### DIRECTIONS
Lines from the start of the data through the line containing "theory Submission imports Defs begin" must be given again exactly. Leave the others out.

(Collected data entries)
(* Let $f:(0,\infty)\to(0,\infty)$ be non-increasing such that $t\mapsto t^2f(t)$ is non-decreasing, let $a\ge0$, $c>0$, and define \[ F(r):=\int_0^\infty t^{-a}e^{-\frac{r^2}{c^2t}}f(t)\,dt,\qquad r>0. \] If $a\le1$, assume additionally that there exist constants $c'>0$, $\gamma'>1-a$ and $R\ge0$ such that $\frac{f(tx)}{f(t)}\le c'x^{-\gamma'}$ for all $t>R$ and $x\ge1$. Then \[ F(r)\asymp r^{-2a+2}f(r^2)\quad\text{for all } r>R_0, \] where $R_0:=\sqrt R$ if $a\le1$ and $R_0:=0$ if $a>1$.
   Context: $g(r)\asymp h(r)$ for $r\in I$ means that $g(r)/h(r)$ stays between two positive constants (independent of $r$) for all $r\in I$. *)

theory Defs
  imports "HOL-Analysis.Analysis"
begin

text \<open>F(r) = integral over (0,inf) of t^(-a) exp(-r^2/(c^2 t)) f(t) dt, taken as a
nonnegative (extended real) Lebesgue integral, so it is always defined.\<close>
definition Fint :: "real \<Rightarrow> real \<Rightarrow> (real \<Rightarrow> real) \<Rightarrow> real \<Rightarrow> ennreal" where
  "Fint a c f r = (\<integral>\<^sup>+ t. indicator {0<..} t *
      ennreal (t powr (-a) * exp (-(r^2) / (c^2 * t)) * f t) \<partial>lborel)"

end

theory Submission imports Defs begin

text \<open>Put q = r^2. On [q, 2q] the integrand is at least a constant times q^(-a) f(q), because
  t^2 f(t) non-decreasing gives f(2q) \<ge> f(q)/4; integrating over this interval of length q gives
  the lower bound. For the upper bound, on (0, q] the same monotonicity gives
  f(t) \<le> q^2 f(q) / t^2, and t^(-(a+2)) exp(-q/(c^2 t)) is at most a constant times q^(-(a+2));
  on [q, \<infinity>) the exponential is at most 1 and f(t) \<le> K f(q) (t/q)^(-\<gamma>) with a + \<gamma> > 1, so the
  tail is also O(q^(1-a) f(q)).\<close>

lemma powr_mult_exp_minus_le:
  fixes x p :: real assumes "x > 0" "p > 0"
  shows "x powr p * exp (-x) \<le> p powr p * exp (-p)"
proof -
  have "ln (x/p) \<le> x/p - 1" using assms by (intro ln_le_minus_one) auto
  then have "p * (ln x - ln p) \<le> p * (x/p - 1)"
    using assms by (intro mult_left_mono) (auto simp: ln_div)
  then have "exp (p * ln x - x) \<le> exp (p * ln p - p)" using assms by (simp add: algebra_simps)
  then show ?thesis using assms by (simp add: powr_def exp_diff exp_minus field_simps)
qed

lemma powr_minus_mult_exp_le:
  fixes t q p :: real assumes "t > 0" "q > 0" "p > 0"
  shows "t powr (-p) * exp (-q/t) \<le> (p/q) powr p * exp (-p)"
proof -
  have "t powr (-p) * exp (-q/t) = (q/t) powr p * exp (-(q/t)) / q powr p"
    using assms by (simp add: powr_divide powr_minus_divide)
  also have "\<dots> \<le> p powr p * exp (-p) / q powr p"
    using assms by (intro divide_right_mono powr_mult_exp_minus_le) auto
  also have "\<dots> = (p/q) powr p * exp (-p)"
    using assms by (simp add: powr_divide)
  finally show ?thesis .
qed

lemma nn_integral_powr_atLeast:
  fixes q b :: real assumes "q > 0" "b > 1"
  shows "(\<integral>\<^sup>+ t. ennreal (t powr (-b)) * indicator {q..} t \<partial>lborel) = ennreal (q powr (1-b) / (b-1))"
proof -
  have "((\<lambda>t. t powr (-b)) has_integral q powr (1-b) / (b-1)) {q..}"
    using has_integral_powr_to_inf[of "-b" q] assms by (simp add: minus_divide_right add.commute)
  then show ?thesis by (intro nn_integral_has_integral_lebesgue') auto
qed

lemma Fint_lower_bound:
  fixes f :: "real \<Rightarrow> real" and a c r :: real
  assumes fpos: "\<forall>t>0. f t > 0"
    and fdec: "\<forall>s t. 0 < s \<longrightarrow> s \<le> t \<longrightarrow> f t \<le> f s"
    and t2finc: "\<forall>s t. 0 < s \<longrightarrow> s \<le> t \<longrightarrow> s^2 * f s \<le> t^2 * f t"
    and a: "a \<ge> 0" and r: "r \<noteq> 0"
  shows "ennreal (2 powr (-a) * exp (-1/c^2) / 4 * ((r^2) powr (1-a) * f (r^2))) \<le> Fint a c f r"
proof -
  define q where "q = r^2"
  have q: "q > 0" using r by (simp add: q_def)
  define L where "L = (2*q) powr (-a) * exp (-1/c^2) * (f q / 4)"
  have L0: "L \<ge> 0" using fpos q by (simp add: L_def less_imp_le)
  have "f q \<le> 4 * f (2*q)"
    using t2finc[rule_format, of q "2*q"] q by (simp add: power_mult_distrib)
  then have f_double: "f q / 4 \<le> f t" if "t \<le> 2*q" "q \<le> t" for t
    using fdec[rule_format, of t "2*q"] q that by linarith
  have "ennreal L * indicator {q..2*q} t \<le>
     indicator {0<..} t * ennreal (t powr (-a) * exp (-(r^2) / (c^2 * t)) * f t)" for t
  proof (cases "t \<in> {q..2*q}")
    case True
    then have t: "q \<le> t" "t \<le> 2*q" "t > 0" using q by auto
    have "(2*q) powr (-a) \<le> t powr (-a)" using t a by (intro powr_mono2') auto
    moreover have "exp (-1/c^2) \<le> exp (-(r^2) / (c^2 * t))"
      using t q by (cases "c = 0") (auto simp: q_def field_simps)
    ultimately have "L \<le> t powr (-a) * exp (-(r^2) / (c^2 * t)) * f t"
      unfolding L_def using f_double[OF t(2,1)] fpos q by (intro mult_mono) auto
    then show ?thesis using t by (auto intro: ennreal_leI)
  qed auto
  then have "(\<integral>\<^sup>+ t. ennreal L * indicator {q..2*q} t \<partial>lborel) \<le> Fint a c f r"
    unfolding Fint_def by (intro nn_integral_mono)
  moreover have "(\<integral>\<^sup>+ t. ennreal L * indicator {q..2*q} t \<partial>lborel) = ennreal (L * q)"
    using q L0 by (simp add: nn_integral_cmult_indicator ennreal_mult)
  moreover have "L * q = 2 powr (-a) * exp (-1/c^2) / 4 * (q powr (1-a) * f q)"
    using q by (simp add: L_def powr_diff powr_minus powr_mult field_simps)
  ultimately show ?thesis unfolding q_def by metis
qed

lemma powr_minus_add_two:
  fixes t a :: real assumes "t > 0"
  shows "t powr (-(a+2)) = t powr (-a) / t^2"
proof -
  have "t powr (-(a+2)) = t powr (-a) * t powr (-2)" by (simp add: powr_add[symmetric])
  then show ?thesis using assms by (simp add: powr_minus_divide powr_realpow)
qed

lemma Fint_integrand_le_below:
  fixes f :: "real \<Rightarrow> real" and a c q t :: real
  assumes fpos: "\<forall>t>0. f t > 0"
    and t2finc: "\<forall>s t. 0 < s \<longrightarrow> s \<le> t \<longrightarrow> s^2 * f s \<le> t^2 * f t"
    and a: "a > -2" and c: "c \<noteq> 0" and t: "0 < t" "t \<le> q"
  shows "t powr (-a) * exp (-q / (c^2 * t)) * f t
    \<le> ((a+2) * c^2) powr (a+2) * exp (-(a+2)) * (q powr (-a) * f q)"
proof -
  have q: "q > 0" using t by linarith
  have "f t \<le> q^2 * f q / t^2"
    using t2finc[rule_format, of t q] t by (simp add: field_simps)
  then have "t powr (-a) * exp (-q / (c^2 * t)) * f t
      \<le> t powr (-a) * exp (-q / (c^2 * t)) * (q^2 * f q / t^2)"
    by (intro mult_left_mono) auto
  also have "\<dots> = q^2 * f q * (t powr (-(a+2)) * exp (-(q/c^2) / t))"
    unfolding powr_minus_add_two[OF t(1)] using t by (simp add: field_simps)
  also have "\<dots> \<le> q^2 * f q * (((a+2) / (q/c^2)) powr (a+2) * exp (-(a+2)))"
    using fpos q c a t by (intro mult_left_mono powr_minus_mult_exp_le) (auto simp: less_imp_le)
  also have "\<dots> = ((a+2) * c^2) powr (a+2) * exp (-(a+2)) * (q powr (-a) * f q)"
    using q a c by (simp add: powr_divide powr_mult powr_add powr_minus_divide powr_realpow field_simps)
  finally show ?thesis .
qed

lemma Fint_integrand_le_above:
  fixes f :: "real \<Rightarrow> real" and a c q t K \<gamma> :: real
  assumes fpos: "\<forall>t>0. f t > 0" and q: "q > 0" and t: "q \<le> t"
    and decay: "f t \<le> K * f q * (t/q) powr (-\<gamma>)"
  shows "t powr (-a) * exp (-q / (c^2 * t)) * f t \<le> K * q powr \<gamma> * f q * t powr (-(a+\<gamma>))"
proof -
  have "exp (-q / (c^2 * t)) \<le> 1" and "f t > 0" using fpos q t by auto
  then have "t powr (-a) * exp (-q / (c^2 * t)) * f t \<le> t powr (-a) * f t"
    by (intro mult_right_mono) (auto intro: mult_left_le)
  also have "\<dots> \<le> t powr (-a) * (K * f q * (t/q) powr (-\<gamma>))"
    using decay by (intro mult_left_mono) auto
  also have "\<dots> = K * q powr \<gamma> * f q * (t powr (-a) * t powr (-\<gamma>))"
    using q t by (simp add: powr_divide powr_minus field_simps)
  also have "\<dots> = K * q powr \<gamma> * f q * t powr (-(a+\<gamma>))"
    by (simp add: powr_add[symmetric])
  finally show ?thesis .
qed

lemma Fint_upper_bound:
  fixes f :: "real \<Rightarrow> real" and a c r K \<gamma> :: real
  assumes fpos: "\<forall>t>0. f t > 0"
    and t2finc: "\<forall>s t. 0 < s \<longrightarrow> s \<le> t \<longrightarrow> s^2 * f s \<le> t^2 * f t"
    and a: "a > -2" and c: "c \<noteq> 0" and r: "r \<noteq> 0"
    and \<gamma>: "\<gamma> > 1 - a" and K: "K \<ge> 0"
    and decay: "\<And>t. r^2 \<le> t \<Longrightarrow> f t \<le> K * f (r^2) * (t/r^2) powr (-\<gamma>)"
  shows "Fint a c f r \<le> ennreal ((((a+2) * c^2) powr (a+2) * exp (-(a+2)) + K / (a+\<gamma>-1))
           * ((r^2) powr (1-a) * f (r^2)))"
proof -
  define q where "q = r^2"
  have q: "q > 0" using r by (simp add: q_def)
  define A where "A = ((a+2) * c^2) powr (a+2) * exp (-(a+2)) * (q powr (-a) * f q)"
  define B where "B = K * q powr \<gamma> * f q"
  have A0: "A \<ge> 0" and B0: "B \<ge> 0" using fpos q K by (auto simp: A_def B_def less_imp_le)
  have "indicator {0<..} t * ennreal (t powr (-a) * exp (-q / (c^2 * t)) * f t)
      \<le> ennreal A * indicator {0..q} t + ennreal (B * t powr (-(a+\<gamma>))) * indicator {q..} t" for t
  proof -
    consider "t \<le> 0" | "0 < t" "t \<le> q" | "q \<le> t" by linarith
    then show ?thesis
    proof cases
      case 2
      then have "ennreal (t powr (-a) * exp (-q / (c^2 * t)) * f t) \<le> ennreal A"
        using Fint_integrand_le_below[OF fpos t2finc a c 2] by (simp add: A_def ennreal_leI)
      also have "\<dots> \<le> ennreal A * indicator {0..q} t + ennreal (B * t powr (-(a+\<gamma>))) * indicator {q..} t"
        using 2 by (simp add: add_increasing2)
      finally show ?thesis using 2 by simp
    next
      case 3
      then have "ennreal (t powr (-a) * exp (-q / (c^2 * t)) * f t) \<le> ennreal (B * t powr (-(a+\<gamma>)))"
        using decay Fint_integrand_le_above[OF fpos q 3, of K \<gamma> a c] by (simp add: B_def q_def ennreal_leI)
      also have "\<dots> \<le> ennreal A * indicator {0..q} t + ennreal (B * t powr (-(a+\<gamma>))) * indicator {q..} t"
        using 3 by (simp add: add_increasing)
      finally show ?thesis using 3 q by simp
    qed simp
  qed
  then have "Fint a c f r \<le> (\<integral>\<^sup>+ t. ennreal A * indicator {0..q} t
      + ennreal (B * t powr (-(a+\<gamma>))) * indicator {q..} t \<partial>lborel)"
    unfolding Fint_def q_def by (intro nn_integral_mono)
  also have "\<dots> = (\<integral>\<^sup>+ t. ennreal A * indicator {0..q} t \<partial>lborel)
      + (\<integral>\<^sup>+ t. ennreal B * (ennreal (t powr (-(a+\<gamma>))) * indicator {q..} t) \<partial>lborel)"
    using B0 by (subst nn_integral_add) (auto simp: ennreal_mult mult.assoc)
  also have "\<dots> = ennreal (A * q) + ennreal (B * (q powr (1-(a+\<gamma>)) / (a+\<gamma>-1)))"
  proof -
    have "(\<integral>\<^sup>+ t. ennreal B * (ennreal (t powr (-(a+\<gamma>))) * indicator {q..} t) \<partial>lborel)
        = ennreal B * ennreal (q powr (1-(a+\<gamma>)) / (a+\<gamma>-1))"
      using nn_integral_powr_atLeast[OF q, of "a+\<gamma>"] \<gamma> by (simp add: nn_integral_cmult)
    also have "\<dots> = ennreal (B * (q powr (1-(a+\<gamma>)) / (a+\<gamma>-1)))"
      by (rule ennreal_mult'[OF B0, symmetric])
    finally show ?thesis using q A0 by (simp add: nn_integral_cmult_indicator ennreal_mult)
  qed
  also have "\<dots> = ennreal ((((a+2) * c^2) powr (a+2) * exp (-(a+2)) + K / (a+\<gamma>-1))
           * (q powr (1-a) * f q))"
  proof -
    have "q powr \<gamma> * q powr (1-(a+\<gamma>)) = q powr (1-a)" by (simp add: powr_add[symmetric])
    moreover have "q powr (-a) * q = q powr (1-a)" using q by (simp add: powr_diff powr_minus field_simps)
    ultimately have "A * q + B * (q powr (1-(a+\<gamma>)) / (a+\<gamma>-1))
        = (((a+2) * c^2) powr (a+2) * exp (-(a+2)) + K / (a+\<gamma>-1)) * (q powr (1-a) * f q)"
      unfolding A_def B_def by (simp add: algebra_simps add_divide_distrib)
    then show ?thesis using q A0 B0 \<gamma> by (simp add: ennreal_plus[symmetric])
  qed
  finally show ?thesis unfolding q_def .
qed

lemma tail_power_decay:
  fixes f :: "real \<Rightarrow> real" and a R :: real
  assumes fpos: "\<forall>t>0. f t > 0"
    and fdec: "\<forall>s t. 0 < s \<longrightarrow> s \<le> t \<longrightarrow> f t \<le> f s"
    and reg: "a \<le> 1 \<Longrightarrow> (\<exists>c'>0. \<exists>\<gamma>'>1 - a. \<forall>t>R. \<forall>x\<ge>1.
                 f (t * x) / f t \<le> c' * x powr (-\<gamma>'))"
  obtains \<gamma> K where "\<gamma> > 1 - a" "K \<ge> 0"
    "\<And>q t. 0 < q \<Longrightarrow> (a \<le> 1 \<Longrightarrow> R < q) \<Longrightarrow> q \<le> t \<Longrightarrow> f t \<le> K * f q * (t/q) powr (-\<gamma>)"
proof (cases "a \<le> 1")
  case True
  from reg[OF True] obtain c' \<gamma>' where c': "c' > 0" and \<gamma>': "\<gamma>' > 1 - a"
    and ratio: "\<forall>t>R. \<forall>x\<ge>1. f (t * x) / f t \<le> c' * x powr (-\<gamma>')" by blast
  show ?thesis
  proof (rule that[OF \<gamma>' less_imp_le[OF c']])
    fix q t :: real assume q: "0 < q" and "a \<le> 1 \<Longrightarrow> R < q" and t: "q \<le> t"
    then have "f (q * (t/q)) / f q \<le> c' * (t/q) powr (-\<gamma>')"
      using ratio True by (intro ratio[rule_format]) auto
    moreover have "q * (t/q) = t" and "f q > 0" using q fpos by auto
    ultimately show "f t \<le> c' * f q * (t/q) powr (-\<gamma>')" by (simp add: field_simps)
  qed
next
  case False
  show ?thesis
  proof (rule that[of 0 1])
    fix q t :: real assume "0 < q" "q \<le> t"
    then show "f t \<le> 1 * f q * (t/q) powr (-0)" using fdec by simp
  qed (use False in auto)
qed

theorem lemmaA2:
  fixes f :: "real \<Rightarrow> real" and a c R :: real
  assumes fpos: "\<forall>t>0. f t > 0"
    and fdec: "\<forall>s t. 0 < s \<longrightarrow> s \<le> t \<longrightarrow> f t \<le> f s"
    and t2finc: "\<forall>s t. 0 < s \<longrightarrow> s \<le> t \<longrightarrow> s^2 * f s \<le> t^2 * f t"
    and a: "a \<ge> 0" and c: "c > 0"
    and R: "R \<ge> 0"
    and reg: "a \<le> 1 \<Longrightarrow> (\<exists>c'>0. \<exists>\<gamma>'>1 - a. \<forall>t>R. \<forall>x\<ge>1.
                 f (t * x) / f t \<le> c' * x powr (-\<gamma>'))"
  shows "\<exists>C1>0. \<exists>C2>0. \<forall>r > (if a \<le> 1 then sqrt R else 0).
           ennreal (C1 * (r powr (2 - 2 * a) * f (r^2))) \<le> Fint a c f r \<and>
           Fint a c f r \<le> ennreal (C2 * (r powr (2 - 2 * a) * f (r^2)))"
proof -
  obtain \<gamma> K where \<gamma>: "\<gamma> > 1 - a" and K: "K \<ge> 0" and decay:
    "\<And>q t. 0 < q \<Longrightarrow> (a \<le> 1 \<Longrightarrow> R < q) \<Longrightarrow> q \<le> t \<Longrightarrow> f t \<le> K * f q * (t/q) powr (-\<gamma>)"
    using tail_power_decay[OF fpos fdec reg] by blast
  define C1 where "C1 = 2 powr (-a) * exp (-1/c^2) / 4"
  define C2 where "C2 = ((a+2) * c^2) powr (a+2) * exp (-(a+2)) + K / (a+\<gamma>-1)"
  have "C1 > 0" "C2 > 0" using a c K \<gamma> by (auto simp: C1_def C2_def intro!: add_pos_nonneg)
  moreover have "ennreal (C1 * (r powr (2 - 2 * a) * f (r^2))) \<le> Fint a c f r \<and>
      Fint a c f r \<le> ennreal (C2 * (r powr (2 - 2 * a) * f (r^2)))"
    if r: "r > (if a \<le> 1 then sqrt R else 0)" for r
  proof -
    have "r > 0" using r R by (smt (verit) real_sqrt_ge_zero)
    moreover have "R < r^2" if "a \<le> 1"
      using r R that real_sqrt_less_iff[of R "r^2"] \<open>r > 0\<close> by simp
    moreover have "r powr (2 - 2 * a) = (r^2) powr (1 - a)"
    proof -
      have "(r^2) powr (1 - a) = (r powr 2) powr (1 - a)" using \<open>r > 0\<close> by (simp add: powr_numeral)
      then show ?thesis by (simp add: powr_powr algebra_simps)
    qed
    ultimately show ?thesis
      using Fint_lower_bound[OF fpos fdec t2finc a, of r c]
        Fint_upper_bound[OF fpos t2finc _ _ _ \<gamma> K, of c r] decay[of "r^2"] a c
      by (simp add: C1_def C2_def)
  qed
  ultimately show ?thesis by blast
qed

end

### EXERCISE ANSWER
(* Let $f:(0,\infty)\to(0,\infty)$ be non-increasing such that $t\mapsto t^2f(t)$ is non-decreasing, let $a\ge0$, $c>0$, and define \[ F(r):=\int_0^\infty t^{-a}e^{-\frac{r^2}{c^2t}}f(t)\,dt,\qquad r>0. \] If $a\le1$, assume additionally that there exist constants $c'>0$, $\gamma'>1-a$ and $R\ge0$ such that $\frac{f(tx)}{f(t)}\le c'x^{-\gamma'}$ for all $t>R$ and $x\ge1$. Then \[ F(r)\asymp r^{-2a+2}f(r^2)\quad\text{for all } r>R_0, \] where $R_0:=\sqrt R$ if $a\le1$ and $R_0:=0$ if $a>1$.
   Context: $g(r)\asymp h(r)$ for $r\in I$ means that $g(r)/h(r)$ stays between two positive constants (independent of $r$) for all $r\in I$. *)

theory Defs
  imports "HOL-Analysis.Analysis"
begin

text \<open>F(r) = integral over (0,inf) of t^(-a) exp(-r^2/(c^2 t)) f(t) dt, taken as a
nonnegative (extended real) Lebesgue integral, so it is always defined.\<close>
definition Fint :: "real \<Rightarrow> real \<Rightarrow> (real \<Rightarrow> real) \<Rightarrow> real \<Rightarrow> ennreal" where
  "Fint a c f r = (\<integral>\<^sup>+ t. indicator {0<..} t *
      ennreal (t powr (-a) * exp (-(r^2) / (c^2 * t)) * f t) \<partial>lborel)"

end

theory Submission imports Defs begin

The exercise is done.